__Task instructions__.
Please copy every line with the string "ultimately" from the entries below.

Collected data entries:
lemma s_matrix_pairing_identity:
  assumes "bilinear_prod m" and "s_matrix m r"
  shows "pairing \<beta> (m (r_sharp r \<alpha>) (r_sharp r \<delta>))
    = pairing \<alpha> (m (r_sharp r \<beta>) (r_sharp r \<delta>)) + pairing \<delta> (commutator m (r_sharp r \<beta>) (r_sharp r \<alpha>))"
proof -
  have sym: "symmetric_tensor r" and "rr_bracket m r = (\<lambda>_. 0)"
    using assms(2) unfolding s_matrix_def by blast+
  then have "0 = (\<Sum>p\<in>UNIV. \<Sum>q\<in>UNIV. \<Sum>s\<in>UNIV. \<beta> p * \<alpha> q * \<delta> s * rr_bracket m r (p, q, s))"
    by simp
  also have "\<dots> = pairing \<alpha> (m (r_sharp r \<beta>) (r_sharp r \<delta>))
      + pairing \<delta> (commutator m (r_sharp r \<beta>) (r_sharp r \<alpha>)) - pairing \<beta> (m (r_sharp r \<alpha>) (r_sharp r \<delta>))"
    unfolding rr_bracket_def rr_bracket_decomp_contract[OF assms(1) finite_UNIV]
    by (simp only: r_sharp_eq_tensor_contract_snd[symmetric] r_sharp_eq_tensor_contract_snd_transpose[OF sym, symmetric])
  finally show ?thesis by (simp add: algebra_simps)
qed

lemma r_sharp_linear:
  "r_sharp r (\<lambda>i. a * x i + b * y i) = (\<lambda>j. a * r_sharp r x j + b * r_sharp r y j)"
  unfolding r_sharp_def by (simp add: sum.distrib sum_distrib_left algebra_simps)

lemma r_sharp_diff: "r_sharp r (\<lambda>i. x i - y i) = (\<lambda>j. r_sharp r x j - r_sharp r y j)"
  using r_sharp_linear[of r 1 x "-1" y] by simp

lemma pairing_r_sharp_commute:
  assumes "symmetric_tensor r"
  shows "pairing \<delta> (r_sharp r \<alpha>) = pairing \<alpha> (r_sharp r \<delta>)"
proof -
  have "pairing \<delta> (r_sharp r \<alpha>) = (\<Sum>j\<in>UNIV. \<Sum>i\<in>UNIV. \<delta> j * \<alpha> i * r (i, j))"
    unfolding pairing_def r_sharp_def by (simp add: sum_distrib_left mult_ac)
  also have "\<dots> = (\<Sum>i\<in>UNIV. \<Sum>j\<in>UNIV. \<alpha> i * \<delta> j * r (j, i))"
    using assms unfolding symmetric_tensor_def by (subst sum.swap) (simp add: mult_ac)
  also have "\<dots> = pairing \<alpha> (r_sharp r \<delta>)"
    unfolding pairing_def r_sharp_def by (simp add: sum_distrib_left mult_ac)
  finally show ?thesis .
qed

lemma bilinear_prod_star_r:
  assumes "bilinear_prod m"
  shows "bilinear_prod (star_r m r)"
  unfolding bilinear_prod_def star_r_def L_star_def r_sharp_linear
  by (simp add: bilinear_prod_left[OF assms] pairing_def sum.distrib sum_distrib_left fun_eq_iff
      algebra_simps)

lemma r_sharp_commutator_star_r:
  assumes "bilinear_prod m" and "s_matrix m r"
  shows "r_sharp r (commutator (star_r m r) \<alpha> \<beta>) = commutator m (r_sharp r \<alpha>) (r_sharp r \<beta>)"
    (is "?L = ?R")
proof
  fix k
  define R where "R = r_sharp r"
  have sym: "symmetric_tensor r" using assms(2) unfolding s_matrix_def by blast
  have component: "R \<gamma> k = pairing \<gamma> (R (basis_vec k))" for \<gamma>
    using pairing_r_sharp_commute[OF sym, of "basis_vec k" \<gamma>]
    unfolding R_def by (simp add: pairing_commute[of "basis_vec k"] pairing_basis_vec)
  have star: "pairing (star_r m r \<gamma> \<epsilon>) y = - pairing \<epsilon> (m (R \<gamma>) y)" for \<gamma> \<epsilon> y
    unfolding star_r_def R_def by (rule pairing_L_star[OF assms(1)])
  have "R (commutator (star_r m r) \<alpha> \<beta>) k
      = pairing \<alpha> (m (R \<beta>) (R (basis_vec k))) - pairing \<beta> (m (R \<alpha>) (R (basis_vec k)))"
    unfolding commutator_def R_def r_sharp_diff
    by (simp add: component[unfolded R_def] star[unfolded R_def])
  also have "\<dots> = - pairing (basis_vec k) (commutator m (R \<beta>) (R \<alpha>))"
    using s_matrix_pairing_identity[OF assms, of \<beta> \<alpha> "basis_vec k"] unfolding R_def by simp
  also have "\<dots> = commutator m (R \<alpha>) (R \<beta>) k"
    by (simp add: pairing_commute[of "basis_vec k"] pairing_basis_vec commutator_def)
  finally show "?L k = ?R k"
    unfolding R_def .
qed
(* Let $T$ be a tree of order $n\ge 3$. Then $\chi'_{qm\Sigma}(T)=2$ if $T$ has no two adjacent vertices of equal even degree, and $\chi'_{qm\Sigma}(T)=3$ otherwise.
   Context: A $k$-edge-coloring of $G$ is any map $c:E(G)\to\{1,\dots,k\}$ (adjacent edges may share colors). It induces $\sigma_c(v)=\sum_{u\in N(v)}c(vu)$. The coloring is neighbor sum distinguishing (NSD) if $\sigma_c(u)\ne\sigma_c(v)$ for every edge $uv$. It is quasi-majority if every vertex $v$ is incident to at most $\lceil d(v)/2\rceil$ edges of each single color. $\chi'_{qm\Sigma}(G)$ denotes the least $k$ such that $G$ has a $k$-edge-coloring that is both quasi-majority and NSD. *)

theory Defs
  imports Complex_Main
begin

definition simple_graph :: "'a set \<Rightarrow> 'a set set \<Rightarrow> bool" where
  "simple_graph V E \<longleftrightarrow> finite V \<and> (\<forall>e\<in>E. e \<subseteq> V \<and> card e = 2)"

definition nbhd :: "'a set set \<Rightarrow> 'a \<Rightarrow> 'a set" where
  "nbhd E v = {u. {v, u} \<in> E}"

definition deg :: "'a set set \<Rightarrow> 'a \<Rightarrow> nat" where
  "deg E v = card (nbhd E v)"

definition connected_graph :: "'a set \<Rightarrow> 'a set set \<Rightarrow> bool" where
  "connected_graph V E \<longleftrightarrow>
     (\<forall>u\<in>V. \<forall>v\<in>V. (u, v) \<in> {(x, y). {x, y} \<in> E}\<^sup>*)"

definition is_cycle :: "'a set set \<Rightarrow> 'a list \<Rightarrow> bool" where
  "is_cycle E vs \<longleftrightarrow> length vs \<ge> 3 \<and> distinct vs \<and>
     (\<forall>i. i + 1 < length vs \<longrightarrow> {vs ! i, vs ! (i + 1)} \<in> E) \<and>
     {last vs, hd vs} \<in> E"

definition acyclic_graph :: "'a set \<Rightarrow> 'a set set \<Rightarrow> bool" where
  "acyclic_graph V E \<longleftrightarrow> \<not> (\<exists>vs. set vs \<subseteq> V \<and> is_cycle E vs)"

definition is_tree :: "'a set \<Rightarrow> 'a set set \<Rightarrow> bool" where
  "is_tree V E \<longleftrightarrow> simple_graph V E \<and> V \<noteq> {} \<and> connected_graph V E \<and> acyclic_graph V E"

definition edge_coloring :: "'a set set \<Rightarrow> nat \<Rightarrow> ('a set \<Rightarrow> nat) \<Rightarrow> bool" where
  "edge_coloring E k c \<longleftrightarrow> (\<forall>e\<in>E. c e \<in> {1..k})"

definition sigma :: "'a set set \<Rightarrow> ('a set \<Rightarrow> nat) \<Rightarrow> 'a \<Rightarrow> nat" where
  "sigma E c v = (\<Sum>u\<in>nbhd E v. c {v, u})"

definition nsd :: "'a set set \<Rightarrow> ('a set \<Rightarrow> nat) \<Rightarrow> bool" where
  "nsd E c \<longleftrightarrow> (\<forall>u v. {u, v} \<in> E \<longrightarrow> sigma E c u \<noteq> sigma E c v)"

definition quasi_majority :: "'a set \<Rightarrow> 'a set set \<Rightarrow> ('a set \<Rightarrow> nat) \<Rightarrow> bool" where
  "quasi_majority V E c \<longleftrightarrow>
     (\<forall>v\<in>V. \<forall>i. card {u \<in> nbhd E v. c {v, u} = i} \<le> nat \<lceil>real (deg E v) / 2\<rceil>)"

definition chi_qm_sigma :: "'a set \<Rightarrow> 'a set set \<Rightarrow> nat" where
  "chi_qm_sigma V E = (LEAST k. \<exists>c. edge_coloring E k c \<and> quasi_majority V E c \<and> nsd E c)"

end

theory Submission
  imports Defs
begin
lemma lrmin_value_between_adjacent:
  assumes "perm_of n xs" "avoids123 xs" "1 \<le> p" "p + 1 \<le> length xs"
    "p \<notin> lrmin_positions xs" "p + 1 \<notin> lrmin_positions xs"
    "ent xs (p + 1) < w" "w < ent xs p"
  shows "w \<in> ent xs ` lrmin_positions xs"
proof -
  have dist: "distinct xs" using assms(1) by (simp add: perm_of_def)
  have "w \<in> {1..length xs}"
    using assms(7,8) perm_of_ent_range[OF assms(1), of p] assms(3,4) by auto
  then have "w \<in> ent xs ` {1..length xs}" by (simp only: perm_of_ent_image[OF assms(1)])
  then obtain r where r: "1 \<le> r" "r \<le> length xs" "ent xs r = w" by auto
  txt \<open>Since non-minima decrease, a non-minimum with value strictly between the two adjacent
    entries would have to sit strictly between positions \<open>p\<close> and \<open>p + 1\<close>.\<close>
  have "r \<in> lrmin_positions xs"
  proof (rule ccontr)
    assume r_not: "r \<notin> lrmin_positions xs"
    consider "r < p" | "r = p" | "r = p + 1" | "p + 1 < r" by linarith
    then show False
      by cases (use assms r r_not avoids123_not_lrmin_decreasing[OF dist assms(2)] in
        \<open>fastforce+\<close>)
  qed
  with r show ?thesis by blast
qed

definition block_positions :: "nat list \<Rightarrow> nat \<Rightarrow> nat set" where
  "block_positions xs j = {q. lrmin_pos xs j < q \<and> q \<le> length xs \<and>
      (j < num_lrmin xs \<longrightarrow> q < lrmin_pos xs (j + 1))}"

lemma block_eq_image_block_positions: "block xs j = ent xs ` block_positions xs j"
proof -
  have "q \<le> length xs" if "j < num_lrmin xs" "q < lrmin_pos xs (j + 1)" for q
    using that lrmin_pos_le_length[of "j + 1" xs] by simp
  then show ?thesis
    by (auto simp: block_def block_positions_def image_iff split: if_splits)
qed

lemma block_positions_not_lrmin:
  assumes "1 \<le> j" "j \<le> num_lrmin xs" "q \<in> block_positions xs j"
  shows "q \<notin> lrmin_positions xs"
proof
  assume "q \<in> lrmin_positions xs"
  then obtain t where t: "1 \<le> t" "t \<le> num_lrmin xs" "q = lrmin_pos xs t"
    using lrmin_positions_eq_image[of xs] by auto
  show False
  proof (cases "t \<le> j")
    case True
    then have "lrmin_pos xs t \<le> lrmin_pos xs j"
      using lrmin_pos_mono[of t j xs] t assms by simp
    then show False using assms(3) t by (simp add: block_positions_def)
  next
    case False
    then have "lrmin_pos xs (j + 1) \<le> lrmin_pos xs t"
      using lrmin_pos_mono[of "j + 1" t xs] t by simp
    then show False using assms(3) t False by (simp add: block_positions_def)
  qed
qed

lemma block_positions_Suc:
  assumes "q \<in> block_positions xs j" "q + 1 \<le> length xs" "q + 1 \<notin> lrmin_positions xs"
  shows "q + 1 \<in> block_positions xs j"
proof -
  have "q + 1 < lrmin_pos xs (j + 1)" if "j < num_lrmin xs"
  proof -
    have "q + 1 \<le> lrmin_pos xs (j + 1)" using assms(1) that by (simp add: block_positions_def)
    moreover have "lrmin_pos xs (j + 1) \<in> lrmin_positions xs" using that by (simp add: lrmin_pos_mem)
    ultimately show ?thesis using assms(3) by (cases "q + 1 = lrmin_pos xs (j + 1)") auto
  qed
  with assms(1,2) show ?thesis by (simp add: block_positions_def)
qed
(* Let $u,w$ be words over $\{L,R\}$ such that $w$ starts with $R$ and $Ru$ is a tail of $w$. Then $LRu$ is reduced from $Lw$.
   Context: Words are finite strings (including the empty word) over $\{L,R\}$. A tail of $w$ is any word $v'$ with $w=vv'$ for some word $v$. A word $u$ is reduced from $w$ if it is obtained from $w$ by finitely many (possibly zero) successive applications of the reduction rules, where $v,v'$ are arbitrary words: (1) $vRRv'\Rightarrow vRv'$; (1') $vLLv'\Rightarrow vLv'$; (2) $vLRv'\Rightarrow vv'$; (2') $vRLv'\Rightarrow vv'$. *)

theory Defs
  imports Main
begin

datatype letter = L | R

type_synonym word = "letter list"

definition is_tail :: "word \<Rightarrow> word \<Rightarrow> bool" where
  "is_tail t w \<longleftrightarrow> (\<exists>v. w = v @ t)"

inductive red_step :: "word \<Rightarrow> word \<Rightarrow> bool" where
  rule1:  "red_step (v @ [R, R] @ v') (v @ [R] @ v')"
| rule1': "red_step (v @ [L, L] @ v') (v @ [L] @ v')"
| rule2:  "red_step (v @ [L, R] @ v') (v @ v')"
| rule2': "red_step (v @ [R, L] @ v') (v @ v')"

definition reduced_from :: "word \<Rightarrow> word \<Rightarrow> bool" where
  "reduced_from u w \<longleftrightarrow> red_step\<^sup>*\<^sup>* w u"

end

theory Submission
  imports Defs
begin

text \<open>Every word reduces to a word of length at most one. Unless \<open>w = R u\<close>, write \<open>w = R x R u\<close>; the
  factor \<open>x\<close> therefore collapses to \<open>[]\<close>, \<open>L\<close> or \<open>R\<close>, and each of \<open>RR\<close>, \<open>RLR\<close>, \<open>RRR\<close>
  reduces to \<open>R\<close>; the leading \<open>L\<close> is just carried along as context.\<close>

lemma red_step_in_context:
  assumes "red_step x y"
  shows "red_step (p @ x @ q) (p @ y @ q)"
  using assms
proof induction
  case (rule1 v v')
  show ?case using red_step.rule1[of "p @ v" "v' @ q"] by simp
next
  case (rule1' v v')
  show ?case using red_step.rule1'[of "p @ v" "v' @ q"] by simp
next
  case (rule2 v v')
  show ?case using red_step.rule2[of "p @ v" "v' @ q"] by simp
next
  case (rule2' v v')
  show ?case using red_step.rule2'[of "p @ v" "v' @ q"] by simp
qed

lemma red_steps_in_context:
  assumes "red_step\<^sup>*\<^sup>* x y"
  shows "red_step\<^sup>*\<^sup>* (p @ x @ q) (p @ y @ q)"
  using assms
  by induction (auto intro: rtranclp.rtrancl_into_rtrancl red_step_in_context)

lemma red_step_two_letters: "\<exists>m. length m \<le> 1 \<and> red_step [a, b] m"
proof -
  have "red_step [R, R] [R]" "red_step [L, L] [L]" "red_step [L, R] []" "red_step [R, L] []"
    using red_step.rule1[of "[]" "[]"] red_step.rule1'[of "[]" "[]"]
      red_step.rule2[of "[]" "[]"] red_step.rule2'[of "[]" "[]"] by simp_all
  then show ?thesis
    by (cases a; cases b) (auto intro: exI[of _ "[]"] exI[of _ "[L]"] exI[of _ "[R]"])
qed

lemma reduces_to_length_le_1: "\<exists>n. length n \<le> 1 \<and> red_step\<^sup>*\<^sup>* x n"
proof (induction x)
  case Nil
  show ?case by (intro exI[of _ "[]"]) simp
next
  case (Cons a x)
  then obtain n where n: "length n \<le> 1" "red_step\<^sup>*\<^sup>* x n" by blast
  have to_a_n: "red_step\<^sup>*\<^sup>* (a # x) (a # n)"
    using red_steps_in_context[OF n(2), where p = "[a]" and q = "[]"] by simp
  show ?case
  proof (cases n)
    case Nil
    then show ?thesis using to_a_n by (intro exI[of _ "[a]"]) simp
  next
    case (Cons b t)
    with n(1) have "a # n = [a, b]" by simp
    then obtain m where "length m \<le> 1" "red_step (a # n) m"
      using red_step_two_letters by metis
    then show ?thesis using to_a_n by (meson rtranclp.rtrancl_into_rtrancl)
  qed
qed

lemma R_word_R_reduces_to_R: "red_step\<^sup>*\<^sup>* (R # x @ [R]) [R]"
proof -
  obtain n where n: "length n \<le> 1" "red_step\<^sup>*\<^sup>* x n"
    using reduces_to_length_le_1 by blast
  have to_RnR: "red_step\<^sup>*\<^sup>* (R # x @ [R]) (R # n @ [R])"
    using red_steps_in_context[OF n(2), where p = "[R]" and q = "[R]"] by simp
  have RR: "red_step [R, R] [R]"
    using red_step.rule1[of "[]" "[]"] by simp
  have "red_step\<^sup>*\<^sup>* (R # n @ [R]) [R]"
  proof (cases n)
    case Nil
    then show ?thesis using RR by simp
  next
    case (Cons b t)
    with n(1) have "n = [b]" by simp
    moreover have "red_step [R, L, R] [R]"
      using red_step.rule2'[of "[]" "[R]"] by simp
    moreover have "red_step [R, R, R] [R, R]"
      using red_step.rule1[of "[]" "[R]"] by simp
    ultimately show ?thesis
      using RR by (cases b) (auto intro: converse_rtranclp_into_rtranclp)
  qed
  with to_RnR show ?thesis by (rule rtranclp_trans)
qed

theorem mainTheorem7:
  fixes u w :: word
  assumes "w \<noteq> [] \<and> hd w = R"
    and "is_tail (R # u) w"
  shows "reduced_from (L # R # u) (L # w)"
proof -
  obtain v where w: "w = v @ R # u"
    using assms(2) unfolding is_tail_def by blast
  show ?thesis
  proof (cases v)
    case Nil
    then show ?thesis using w unfolding reduced_from_def by simp
  next
    case (Cons a x)
    with w assms(1) have "L # w = [L] @ (R # x @ [R]) @ u" by simp
    then show ?thesis
      using red_steps_in_context[OF R_word_R_reduces_to_R[of x], where p = "[L]" and q = u]
      unfolding reduced_from_def by simp
  qed
qed

end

__Response to the task__.
    ultimately show ?thesis using assms(3) by (cases "q + 1 = lrmin_pos xs (j + 1)") auto
    ultimately show ?thesis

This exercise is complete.